FUNDAMENTALS OF INFRA-BAYESIANISM
This sequence introduces the fundamentals of infra-Bayesianism, a mathematical framework for studying artificial learning and intelligence that developed from Vanessa Kosoy’s Learning Theoretic AI Alignment Research Agenda.
In part one, we describe the motivations for this framework including a description of the thought experiment Dutch-booking Bayesians.
In part two, we summarize basic reinforcement learning theory, including the notions of environments, histories, destinies, policies, expected loss, Bayes mixture of environments, optimal and Bayes-optimal policies, regret, Bayesian regret, traps, and learnability.
In part three, we generalize the concepts of the second post using infra-Bayesianism. For mathematical simplicity, we stay in the setting of credal sets (closed, convex sets of probability distributions). In particular, we discuss infra-kernels, various important topologies, crisp causal laws, the minimax decision rule, infra-regret, and infra-Bayes learnability and optimality.

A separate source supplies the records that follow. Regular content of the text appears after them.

(* Assume $\mu(\partial A)=0$ for every $\sigma$-invariant probability measure $\mu$. Then $\lim_{m\to\infty}\rho(\mathcal{D}_m)=0$, where $\rho(\mathcal{D})=\sup_\mu\mu(\mathcal{D})$, the supremum being over all $\sigma$-invariant probability measures $\mu$.
   Context: $(\Sigma,\sigma)$ is a two-sided mixing subshift of finite type on $\{1,\dots,N\}$ with the product topology. $A\subset\Sigma$ is an open set, $\partial A=\overline A\cap\overline{\Sigma\setminus A}$. An $m$-cylinder is $\{x:x_j=i_j,\ -m\le j\le m\}$; $\mathcal{B}_m$ (resp. $\mathcal{C}_m$) is the largest (resp. smallest) union of $m$-cylinders contained in (resp. containing) $A$; $\mathcal{D}_m=\mathcal{C}_m\setminus\mathcal{B}_m$. *)

theory Defs
  imports "HOL-Probability.Probability"
begin

text \<open>Points of the full shift are maps int \<Rightarrow> nat; the type carries the product
  topology of discrete nat (Function_Topology). A subshift of finite type is given by a
  0-1 transition matrix M on the alphabet {1..N}.\<close>

definition SFT :: "nat \<Rightarrow> (nat \<Rightarrow> nat \<Rightarrow> bool) \<Rightarrow> (int \<Rightarrow> nat) set" where
  "SFT N M = {x. \<forall>j. x j \<in> {1..N} \<and> M (x j) (x (j + 1))}"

In part four, we describe a generalization of Markov decision processes (MDPs) and partially observable Markov decision processes (POMDPs) called crisp supra-MDPs and supra-POMDPs. The new feature of these decision processes is that the stochastic transition dynamics are multivalued, i.e. specified by credal sets. We discuss:
- Connections between these decision processes and crisp causal laws, the hypotheses of infra-Bayesian reinforcement learning
- How supra-MDPs can approximate MDPs by a coarsening of the state space that allows an agent to be agnostic about the detailed dynamics while still having performance guarantees for the full MDP
- An algorithm to compute a Markov optimal policy for supra-MDPs with finite time horizons
- The existence of a stationary optimal policy for supra-MDPs with infinite time horizons and geometric time discount
- The connection between supra-MDPs and stochastic games
- Known regret bounds for supra-MDPs
In part five (not yet published), we introduce contributions and supracontributions, which are basic objects from infra-Bayesianism that go beyond the crisp case (the case of credal sets). We then define supra-POMDPs, a generalization of POMDPs. We use supra-POMDPs to formalize various Newcombian problems in the context of learning theory where an agent repeatedly encounters the problem. In particular, we discuss the opaque, transparent, and epsilon-noisy versions of Newcomb's problem, XOR blackmail, and counterfactual mugging. We conclude by stating a theorem that describes how under a condition known as pseudocausality, optimality for the supra-POMDP relates to optimality for the Newcombian problem.